Principles, methods and applications of basic statistical approaches in biomedical studies are presented. Topics include introduction to epidemiology; design of cohort and case-control studies; experimental versus observational data, and cross-sectional versus longitudinal studies; issues of confounding, causation and missing data; design of clinical trials; data monitoring and interim analysis. Prerequisite: STAT 450 or permission of the instructor.

STAT 855 - Lifetime Data Analysis (4)

Statistical methodology used in analysing failure time data. Likelihoods under various censoring patterns. Inference using parametric regression models including the exponential, Weibull, lognormal, generalized gamma distributions. Goodness-of-fit tests. The proportional hazards family, and inference under the proportional hazards model. Stratification and blocking in proportional hazards models. Time dependent covariates. Regression methods for grouped data. Prerequisite: STAT 450. Students with credit for STAT 806 may not take this course for further credit.

STAT 856 - Longitudinal Data Analysis (4)

Methods for the analysis of repeated measures, correlated outcomes and longitudinal data, including unbalanced and incomplete data sets, characteristic of biomedical research are covered. Topics include covariance pattern models, random or mixed-effects models, multilevel models, generalized estimating equations, inference for multistate processes and counting processes, and methods for handling missing data. Prerequisite: STAT 450 or permission of the instructor.

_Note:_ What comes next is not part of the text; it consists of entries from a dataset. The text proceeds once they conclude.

lemma has_derivative_norm_diff_fun_upd:
  fixes x :: "'i \<Rightarrow> 'a::real_inner"
  shows "((\<lambda>y. (norm ((x(p := y)) a - (x(p := y)) b))^2) has_derivative
    (\<lambda>h. (if a = p then (2 *\<^sub>R (x p - x b)) \<bullet> h else 0)
       + (if b = p then (2 *\<^sub>R (x p - x a)) \<bullet> h else 0))) (at (x p))"
proof -
  define \<delta> where "\<delta> c h = (if c = p then h else 0)" for c and h :: 'a
  have "((\<lambda>y. (x(p := y)) c) has_derivative \<delta> c) (at (x p))" for c
    by (cases "c = p") (auto simp: \<delta>_def[abs_def])
  then have "((\<lambda>y. ((x(p := y)) a - (x(p := y)) b) \<bullet> ((x(p := y)) a - (x(p := y)) b)) has_derivative
      (\<lambda>h. (x a - x b) \<bullet> (\<delta> a h - \<delta> b h) + (\<delta> a h - \<delta> b h) \<bullet> (x a - x b))) (at (x p))"
    by (auto intro!: derivative_eq_intros)
  then show ?thesis
    unfolding power2_norm_eq_inner
    by (rule has_derivative_eq_rhs)
      (auto simp: fun_eq_iff \<delta>_def inner_diff_left inner_diff_right inner_commute)
qed

lemma sum_sum_row_col_eq_double_row:
  fixes w :: "nat \<Rightarrow> 'a::comm_semiring_1"
  assumes "p < n" and "\<And>m. m < n \<Longrightarrow> C m p = C p m"
  shows "(\<Sum>a<n. \<Sum>b<n. ((if a = p then w b else 0) + (if b = p then w a else 0)) * C a b)
    = 2 * (\<Sum>m<n. w m * C p m)"
proof -
  have "(\<Sum>a<n. \<Sum>b<n. ((if a = p then w b else 0) + (if b = p then w a else 0)) * C a b)
      = (\<Sum>a<n. \<Sum>b<n. (if a = p then w b * C p b else 0) + (if b = p then w a * C a p else 0))"
    by (intro sum.cong refl) (simp add: distrib_right)
  also have "\<dots> = (\<Sum>a<n. \<Sum>b<n. if a = p then w b * C p b else 0)
      + (\<Sum>a<n. \<Sum>b<n. if b = p then w a * C a p else 0)"
    by (simp only: sum.distrib)
  also have "(\<Sum>a<n. \<Sum>b<n. if a = p then w b * C p b else 0) = (\<Sum>b<n. w b * C p b)"
    using assms(1) by (subst sum.swap) simp
  also have "(\<Sum>a<n. \<Sum>b<n. if b = p then w a * C a p else 0) = (\<Sum>a<n. w a * C p a)"
    using assms by simp
  finally show ?thesis
    by (simp add: mult_2)
qed

lemma has_derivative_cayley_menger_entry:
  fixes x :: "nat \<Rightarrow> 'a::euclidean_space"
  assumes "p \<noteq> 0" and "a < j+2" and "b < j+2"
  shows "((\<lambda>y. cayley_menger (x(p := y)) j $$ (a,b)) has_derivative
    (\<lambda>h. (if a = p \<and> b \<noteq> 0 then (2 *\<^sub>R (x p - x b)) \<bullet> h else 0)
       + (if b = p \<and> a \<noteq> 0 then (2 *\<^sub>R (x p - x a)) \<bullet> h else 0))) (at (x p))"
proof -
  consider "a = 0" | "b = 0" | "a \<noteq> 0" "b \<noteq> 0"
    by blast
  then show ?thesis
    using assms has_derivative_norm_diff_fun_upd[of x p a b]
    by cases (simp_all add: cayley_menger_def cong: if_cong)
qed

lemma has_derivative_det_cayley_menger:
  fixes x :: "nat \<Rightarrow> 'a::euclidean_space"
  assumes p: "p \<in> {1..j+1}"
  shows "((\<lambda>y. det (cayley_menger (x(p := y)) j)) has_derivative
     (\<lambda>h. 2 * (\<Sum>m\<in>{1..j+1} - {p}. adj_mat (cayley_menger x j) $$ (p, m) * ((2 *\<^sub>R (x p - x m)) \<bullet> h))))
     (at (x p))"
proof -
  define CM where "CM = cayley_menger x j"
  define w where "w m h = (if m = 0 then 0 else (2 *\<^sub>R (x p - x m)) \<bullet> h)" for m h
  have CM: "CM \<in> carrier_mat (j+2) (j+2)" and "CM\<^sup>T = CM"
    by (auto intro!: eq_matI simp: CM_def cayley_menger_def norm_minus_commute)
  then have cofactor_sym: "cofactor CM m p = cofactor CM p m" for m
    by (rule cofactor_transpose_symmetric)
  have CM_mat: "cayley_menger x' j = mat (j+2) (j+2) (\<lambda>(a,b). cayley_menger x' j $$ (a,b))" for x'
    by (rule eq_matI) (auto simp: cayley_menger_def)
  have "((\<lambda>y. det (mat (j+2) (j+2) (\<lambda>(a,b). cayley_menger (x(p := y)) j $$ (a,b)))) has_derivative
     (\<lambda>h. \<Sum>a<j+2. \<Sum>b<j+2. ((if a = p then w b h else 0) + (if b = p then w a h else 0))
        * cofactor (mat (j+2) (j+2) (\<lambda>(a,b). cayley_menger (x(p := x p)) j $$ (a,b))) a b)) (at (x p))"
  proof (rule has_derivative_det_mat)
    fix a b assume "a < j+2" "b < j+2"
    with p have "((\<lambda>y. cayley_menger (x(p := y)) j $$ (a,b)) has_derivative
        (\<lambda>h. (if a = p \<and> b \<noteq> 0 then (2 *\<^sub>R (x p - x b)) \<bullet> h else 0)
          + (if b = p \<and> a \<noteq> 0 then (2 *\<^sub>R (x p - x a)) \<bullet> h else 0))) (at (x p))"
      by (intro has_derivative_cayley_menger_entry) auto
    then show "((\<lambda>y. cayley_menger (x(p := y)) j $$ (a,b)) has_derivative
        (\<lambda>h. (if a = p then w b h else 0) + (if b = p then w a h else 0))) (at (x p))"
      by (rule has_derivative_eq_rhs) (auto simp: fun_eq_iff w_def)
  qed
  then have "((\<lambda>y. det (cayley_menger (x(p := y)) j)) has_derivative
     (\<lambda>h. \<Sum>a<j+2. \<Sum>b<j+2. ((if a = p then w b h else 0) + (if b = p then w a h else 0))
        * cofactor CM a b)) (at (x p))"
    by (simp only: CM_mat[symmetric] fun_upd_triv CM_def)
  moreover have "(\<Sum>a<j+2. \<Sum>b<j+2. ((if a = p then w b h else 0) + (if b = p then w a h else 0))
        * cofactor CM a b)
      = 2 * (\<Sum>m\<in>{1..j+1} - {p}. adj_mat CM $$ (p, m) * ((2 *\<^sub>R (x p - x m)) \<bullet> h))" for h
  proof -
    have "(\<Sum>a<j+2. \<Sum>b<j+2. ((if a = p then w b h else 0) + (if b = p then w a h else 0))
        * cofactor CM a b) = 2 * (\<Sum>m<j+2. w m h * cofactor CM p m)"
      using p cofactor_sym by (intro sum_sum_row_col_eq_double_row) auto
    also have "(\<Sum>m<j+2. w m h * cofactor CM p m) = (\<Sum>m\<in>{1..j+1}. w m h * cofactor CM p m)"
      by (rule sum.mono_neutral_right) (auto simp: w_def)
    also have "\<dots> = (\<Sum>m\<in>{1..j+1} - {p}. w m h * cofactor CM p m)"
      using p by (subst sum.remove[of _ p]) (auto simp: w_def)
    also have "\<dots> = (\<Sum>m\<in>{1..j+1} - {p}. adj_mat CM $$ (p, m) * ((2 *\<^sub>R (x p - x m)) \<bullet> h))"
      using CM p by (intro sum.cong refl) (auto simp: w_def adj_mat_def cofactor_sym)
    finally show ?thesis .
  qed
  ultimately show ?thesis
    by (simp add: CM_def)
qed

lemma has_derivative_content_gamma:
  fixes x :: "nat \<Rightarrow> 'a::euclidean_space"
  assumes "inj_on x {1..j+1}" and "\<not> affine_dependent (x ` {1..j+1})" and "p \<in> {1..j+1}"
  shows "((\<lambda>y. content_gamma (x(p := y)) j) has_derivative
     (\<lambda>h. ((-1)^(j+1) / 2^j) / content_gamma x j *
        (\<Sum>m\<in>{1..j+1} - {p}. adj_mat (cayley_menger x j) $$ (p, m) * ((2 *\<^sub>R (x p - x m)) \<bullet> h))))
     (at (x p))"
proof -
  define c :: real where "c = (-1)^(j+1) / 2^j"
  define A where "A h = (\<Sum>m\<in>{1..j+1} - {p}. adj_mat (cayley_menger x j) $$ (p, m) * ((2 *\<^sub>R (x p - x m)) \<bullet> h))"
    for h
  have gamma: "content_gamma x' j = sqrt (c * det (cayley_menger x' j))" for x' :: "nat \<Rightarrow> 'a"
    by (simp add: content_gamma_def c_def)
  have "c * det (cayley_menger (x(p := x p)) j) > 0"
    using cayley_menger_det_pos[OF assms(1,2)] by (simp add: c_def divide_neg_pos)
  moreover have "((\<lambda>y. c * det (cayley_menger (x(p := y)) j)) has_derivative (\<lambda>h. c * (2 * A h))) (at (x p))"
    unfolding A_def by (intro has_derivative_mult_right has_derivative_det_cayley_menger assms(3))
  ultimately have "((\<lambda>y. sqrt (c * det (cayley_menger (x(p := y)) j))) has_derivative
      (\<lambda>h. c * (2 * A h) * (inverse (sqrt (c * det (cayley_menger (x(p := x p)) j))) / 2))) (at (x p))"
    by (rule has_derivative_real_sqrt)
  then show ?thesis
    unfolding gamma A_def[symmetric] c_def[symmetric] fun_upd_triv
    by (rule has_derivative_eq_rhs) (simp add: fun_eq_iff inverse_eq_divide)
qed

section \<open>Divided differences of the exponential\<close>

text \<open>S_term k x j t is exp_divided_term \<sigma> {1..j+1} t for the nodes \<sigma> t = k \<bullet> x t.\<close>
definition exp_divided_term :: "('i \<Rightarrow> complex) \<Rightarrow> 'i set \<Rightarrow> 'i \<Rightarrow> complex" where
  "exp_divided_term \<sigma> I t = exp (- \<i> * \<sigma> t) / (\<Prod>l\<in>I - {t}. \<sigma> t - \<sigma> l)"
(* Let $\mathcal{H}_S,\mathcal{H}_E$ be finite-dimensional Hilbert spaces with dimensions $d_S,d_E$, with orthonormal bases $\{|i\rangle_S\}_{i=1}^{d_S}$ and $\{|j\rangle_E\}_{j=1}^{d_E}$. Let $H_{SE}$ be a Hamiltonian on $\mathcal{H}_S\otimes\mathcal{H}_E$ with orthonormal eigenbasis $\{|E_k\rangle_{SE}\}_{k=1}^{d_Sd_E}$ and corresponding eigenvalues $E_k$, and let $U(t)=\exp(-iH_{SE}t)$. For a map $k\mapsto(\xi(k),\hat\xi(k))$ from $\{1,\ldots,d_Sd_E\}$ to $\{1,\ldots,d_S\}\times\{1,\ldots,d_E\}$, set $f_k=|\langle E_k|(|\xi(k)\rangle_S\otimes|\hat\xi(k)\rangle_E)|$. For $\phi\in\{1,\ldots,d_S\}$ define $\delta(\phi)=\max_{k\mapsto(\xi(k),\hat\xi(k))\ \text{injective}}\ \min\{f_k: \xi(k)=\phi\}$. Consider the initial system state $|\phi\rangle_S$ (the basis vector with index $\phi$) and assume $\delta(\phi)>\frac{1}{\sqrt2}$. Let $\tau_S(t)=\mathrm{tr}_E\left[U(t)\left(|\phi\rangle\langle\phi|_S\otimes\frac{\mathbb{I}_E}{d_E}\right)U(t)^\dagger\right]$. Then for all times $t$, $\left\|\tau_S(t)-|\phi\rangle\langle\phi|_S\right\|_1\leq 4\delta(\phi)\sqrt{1-\delta(\phi)^2}$.
   Context: $\|X\|_1=\mathrm{tr}\sqrt{X^\dagger X}$ is the trace norm; $\mathrm{tr}_E$ is the partial trace over $E$. *)

theory Defs
  imports Complex_Main "Jordan_Normal_Form.Matrix"
begin

definition adj :: "complex mat \<Rightarrow> complex mat" where
  "adj A = mat (dim_col A) (dim_row A) (\<lambda>(i,j). cnj (A $$ (j,i)))"

definition cinner :: "complex vec \<Rightarrow> complex vec \<Rightarrow> complex" where
  "cinner u v = (\<Sum>i<dim_vec v. cnj (u $ i) * v $ i)"
(* Let $f(x)=1+a_1x+\cdots+a_dx^d\in\mathbb Z[x]$ with $d\ge2$ and $a_d\neq0$, and let $e_f(k)$ ($k\ge1$) be the unique integers with $f(x)=\prod_{k\ge1}(1-x^k)^{e_f(k)}$ in $\mathbb Z[[x]]$. Let $\alpha_1,\dots,\alpha_d$ be the complex roots of $f$ (with multiplicity), ordered so that $|\alpha_1|\le|\alpha_2|\le\cdots\le|\alpha_d|$, and assume $|\alpha_1|<|\alpha_2|$. Then for every $k\ge1$, $$\Big|e_f(k)-\frac{\alpha_1^{-k}}{k}\Big|\le\frac{\tau(k)}{k}\big(|\alpha_1|^{-k/2}+d\,|\alpha_2|^{-k}\big),$$ where $\tau(k)$ is the number of positive divisors of $k$. If $d=1$ (so $f$ has a single root $\alpha_1$), then $|e_f(k)-\alpha_1^{-k}/k|\le\frac{\tau(k)}{k}|\alpha_1|^{-k/2}$.
   Context: For any $f\in\mathbb Z[[x]]$ with $f(0)=1$ there exist unique integers $e_f(k)$, $k\ge1$, with $f(x)=\prod_{k\ge1}(1-x^k)^{e_f(k)}$ in $\mathbb Z[[x]]$. *)

theory Defs
  imports Complex_Main "HOL-Computational_Algebra.Polynomial_FPS"
begin

text \<open>The identity f(x) = prod_{k>=1} (1 - x^k)^(e k) in Z[[x]], expressed without
  inverses: for every N, modulo x^(N+1) (factors with k > N are 1 modulo x^(N+1)),
  f * prod_{k<=N, e k<0} (1-x^k)^(-e k) = prod_{k<=N, e k>0} (1-x^k)^(e k).\<close>
definition euler_product_exps :: "int poly \<Rightarrow> (nat \<Rightarrow> int) \<Rightarrow> bool" where
  "euler_product_exps f e \<longleftrightarrow>
     (\<forall>N n. n \<le> N \<longrightarrow>
        fps_nth (fps_of_poly f * (\<Prod>k\<in>{1..N}. (1 - fps_X ^ k) ^ nat (- e k))) n
      = fps_nth (\<Prod>k\<in>{1..N}. (1 - fps_X ^ k) ^ nat (e k)) n)"

definition ef :: "int poly \<Rightarrow> nat \<Rightarrow> int" where
  "ef f = (THE e. euler_product_exps f e \<and> e 0 = 0)"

STAT 857 - Space-Time Models (4)

The theory and application of statistical approaches for the analysis of spatial and time dependent data. Topics will include: point pattern analysis, spatial autocorrelation analysis, geostatistics, lattice processes, modeling spatial count and binary data, spatio-temporal models and time series analysis. Prerequisite: STAT 830 or permission of the instructor.

STAT 880 - Co-op I

First term of work experience in the Co-operative Education Program. Graded on a satisfactory/unsatisfactory basis.

STAT 881 - Co-op II

Second term of work experience in the Co-operative Education Program. Graded on a satisfactory/unsatisfactory basis.

STAT 882 - Co-op III

Third term of work experience in the Co-operative Education Program. Graded on a satisfactory/unsatisfactory basis.

STAT 890 - Statistics: Selected Topics (4)

STAT 891 - Seminar (2)

A course to be team taught by current and visiting faculty and with topics chosen to match the interests of the students.

STAT 894 - Reading (2)

Equivalent Courses: MATH894.

STAT 895 - Reading (4)

Reading. Variable Units 1, 2, 3 or 4 units. Students who have credit for MATH 895 may not take STAT 895 for further credit.

STAT 897 - PhD Comprehensive Exam

Candidates must pass a general examination and may not complete the general exam more than twice. This exam is normally completed within two terms of initial PhD enrollment. Graded on a satisfactory/unsatisfactory basis. Prerequisite: STAT PhD students.

STAT 898 - MSc Project (6)

Students are required to submit and successfully defend a project based on a statistical analysis problem or on the development of new statistical methodology. The project is examined as a thesis and must be submitted to the library. Graded on a satisfactory/unsatisfactory basis.

STAT 899 - PhD Thesis (6)

Graded on a satisfactory/unsatisfactory basis.